Typeables favors exactness, never normaliziation. When you want the concept of "length" and unit "nanometer" and primitive "u128" for 128-bit unsigned integer precision, then you write "LengthAsNanometerAsTypeI128".
Broadly speaking:
The Rust "New Type Idiom" a.k.a. "New Type Pattern" is exactly what Typeables is doing with struct tuples. We like this idiom very much.
Typeables additionally provides type aliass.
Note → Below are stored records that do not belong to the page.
(* Consider the line network model (see context) with $\ell$ links and erasure probabilities $p_1,\dots,p_\ell$ having a unique worst link, i.e. there is $m$ with $p_m=\max_i p_i<1$ and $p_i<p_m$ for $i\ne m$. Let $A:=1-\max_{1\le i\le\ell}p_i$ and fix $\delta\in(0,1/2)$. Then for all sufficiently large $n$, $$\mathbb{P}\!\left[\,|T_n-\mathbb{E}T_n|>\frac{n^{1/2+\delta}}{A}\right]\le \frac{2A}{n}+\frac{2A\,n^{2\delta}}{n^2-n^{1+2\delta}}.$$ In particular (Theorem 2), with $\epsilon_n=n^{3/4}/A$, $\mathbb{P}[|T_n-\mathbb{E}T_n|>\epsilon_n]\le \frac{2A}{n}+o(1/n)$.
   Context: Line network model. Fix integers $\ell\ge1$, $n\ge1$ and erasure probabilities $p_1,\dots,p_\ell\in[0,1)$. Let $\{z_{t,i}: t\ge1,\,1\le i\le\ell\}$ be independent Bernoulli random variables with $\mathbb{P}(z_{t,i}=1)=1-p_i$ ($z_{t,i}=1$ means link $i$ is ON at time step $t$). Nodes $N^{(1)},\dots,N^{(\ell+1)}$, link $i$ from $N^{(i)}$ to $N^{(i+1)}$; the source holds $n$ packets and each node sends random linear combinations of its received packets (idealized so a transmission is innovative whenever possible). The rank $\rho_i(t)$ of node $N^{(i)}$ after $t$ steps satisfies $\rho_1(t)=n$, $\rho_i(0)=0$ for $i\ge2$, and $\rho_{i+1}(t)=\rho_{i+1}(t-1)+z_{t,i}\mathbf 1\{\rho_i(t-1)>\rho_{i+1}(t-1)\}$ for $t\ge1$, $1\le i\le \ell$. The completion time is $T_n:=\min\{t\ge0:\rho_{\ell+1}(t)=n\}$. *)

theory Defs
  imports "HOL-Probability.Probability"
begin

text \<open>Rank of node i after t steps, for a fixed realisation zz of the link states:
  zz t i = True means link i is ON at time step t (t \<ge> 1, 1 \<le> i \<le> l).
  Node 1 is the source holding n packets.\<close>
fun rank :: "(nat \<Rightarrow> nat \<Rightarrow> bool) \<Rightarrow> nat \<Rightarrow> nat \<Rightarrow> nat \<Rightarrow> nat" where
  "rank zz n 0 i = (if i \<le> 1 then n else 0)"
| "rank zz n (Suc t) i =
     (if i \<le> 1 then n
      else rank zz n t i +
           (if zz (Suc t) (i - 1) \<and> rank zz n t (i - 1) > rank zz n t i then 1 else 0))"

text \<open>Completion time T_n = min {t. rank of node l+1 at time t equals n};
  set to 0 on the (null) event that this never happens.\<close>
definition completion_time :: "(nat \<Rightarrow> nat \<Rightarrow> bool) \<Rightarrow> nat \<Rightarrow> nat \<Rightarrow> nat" where
  "completion_time zz l n =
     (if \<exists>t. rank zz n t (Suc l) = n then (LEAST t. rank zz n t (Suc l) = n) else 0)"

end

theory Submission
  imports Defs "HOL-Real_Asymp.Real_Asymp"
begin

(* Write A for the rate of the worst link and c_n = n / A for the first-order value of T_n.
   The proof shows that, up to an event of probability O(1/n^2), T_n lies in the window
   [c_n - w_n, c_n + w_n + 1] with w_n = n^(1/2+delta) / (4A), and that E T_n lies in
   [c_n - 2 w_n, c_n + 3 w_n]; then |T_n - E T_n| > 4 w_n forces T_n out of the window. *)

lemma eventually_real_ge: "\<forall>\<^sub>F n in sequentially. X \<le> real n"
  using filterlim_real_sequentially by (simp add: filterlim_at_top)

lemma powr_at_top_sequentially:
  fixes e a :: real
  assumes "0 < e" "0 < a"
  shows "filterlim (\<lambda>n. real n powr e / a) at_top sequentially"
  using assms by real_asymp

lemma stretched_exp_small:
  fixes C \<kappa> \<epsilon> :: real
  assumes "0 < \<kappa>" "0 < \<epsilon>"
  shows "\<forall>\<^sub>F n in sequentially. C * real n ^ 2 * exp (- \<kappa> * real n powr \<epsilon>) \<le> 1 / real n ^ 2"
proof -
  have "((\<lambda>n. real n ^ 4 * (C * exp (- \<kappa> * real n powr \<epsilon>))) \<longlongrightarrow> 0) sequentially"
    using assms by real_asymp
  then have "\<forall>\<^sub>F n in sequentially. real n ^ 4 * (C * exp (- \<kappa> * real n powr \<epsilon>)) < 1"
    by (rule order_tendstoD) simp
  then show ?thesis
    using eventually_gt_at_top[of 0]
    by eventually_elim (simp add: field_simps power4_eq_xxxx power2_eq_square)
qed

lemma poly_exp_le_geometric:
  fixes \<beta> :: real
  assumes "0 < \<beta>"
  shows "\<forall>\<^sub>F t in sequentially. (real t + 1)^2 * exp (- \<beta> * real t) \<le> exp (- \<beta> / 2) ^ t"
proof -
  have "((\<lambda>t. (real t + 1)^2 * exp (- \<beta> * real t / 2)) \<longlongrightarrow> 0) sequentially"
    using assms by real_asymp
  then have "\<forall>\<^sub>F t in sequentially. (real t + 1)^2 * exp (- \<beta> * real t / 2) < 1"
    by (rule order_tendstoD) simp
  then show ?thesis
  proof eventually_elim
    case (elim t)
    have "(real t + 1)^2 * exp (- \<beta> * real t) =
          ((real t + 1)^2 * exp (- \<beta> * real t / 2)) * exp (- \<beta> * real t / 2)"
      by (simp add: exp_add[symmetric])
    also have "\<dots> \<le> exp (- \<beta> * real t / 2)" using elim by simp
    also have "\<dots> = exp (- \<beta> / 2) ^ t" by (simp add: exp_of_nat_mult[symmetric])
    finally show ?case .
  qed
qed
In practice we find this is an important way to help professional developers with larger codebases, because the developers can phase in the type aliass as hints to developers and to tools, then later on can phase in the struct tuples.
Roll your own versus using Typeables crate:
You can certainly roll your own new type pattern, and you can use your own type names, or even use the Typeables type names.
The Typeables crate is helpful because it provides a bunch of definitions, so you can use the crate, then get all the benefits of the types, plus your tools can use the crate information, such as for editor tool autocomplete and autosuggest.
The type aliases are all for Rust primitives and standards such as strings
(using str
and String
) and numbers (using i64
, u64
, f64
, et al.).
Typeables has zero or near-zero runtime overhead:
A type alias is zero runtime overhead because the type alias is replaced at compile time.
A struct tuple is near-zero runtime overhead because the struct tuple is a wrapper with a field.
Typeables is deliberately verbose.
We use editors with autocomplete and autosuggest, so typing is easy and fast.
We like long names for low-level clarity.
Typeables defines many type aliass and struct tuples. Typically these are fast during development because they're simple. Typically these are even faster during production because the Rust compiler can optimized these and also eliminate any that are not needed.
The Typeables source code does not use macros.
We like macros in general.
Yet we discovered in practice that macros seem to interfere with some of our tooling.
For example, macros do not seem to work with some editors that inspect the Typeables crate in order to do autocomplete and autosuggest.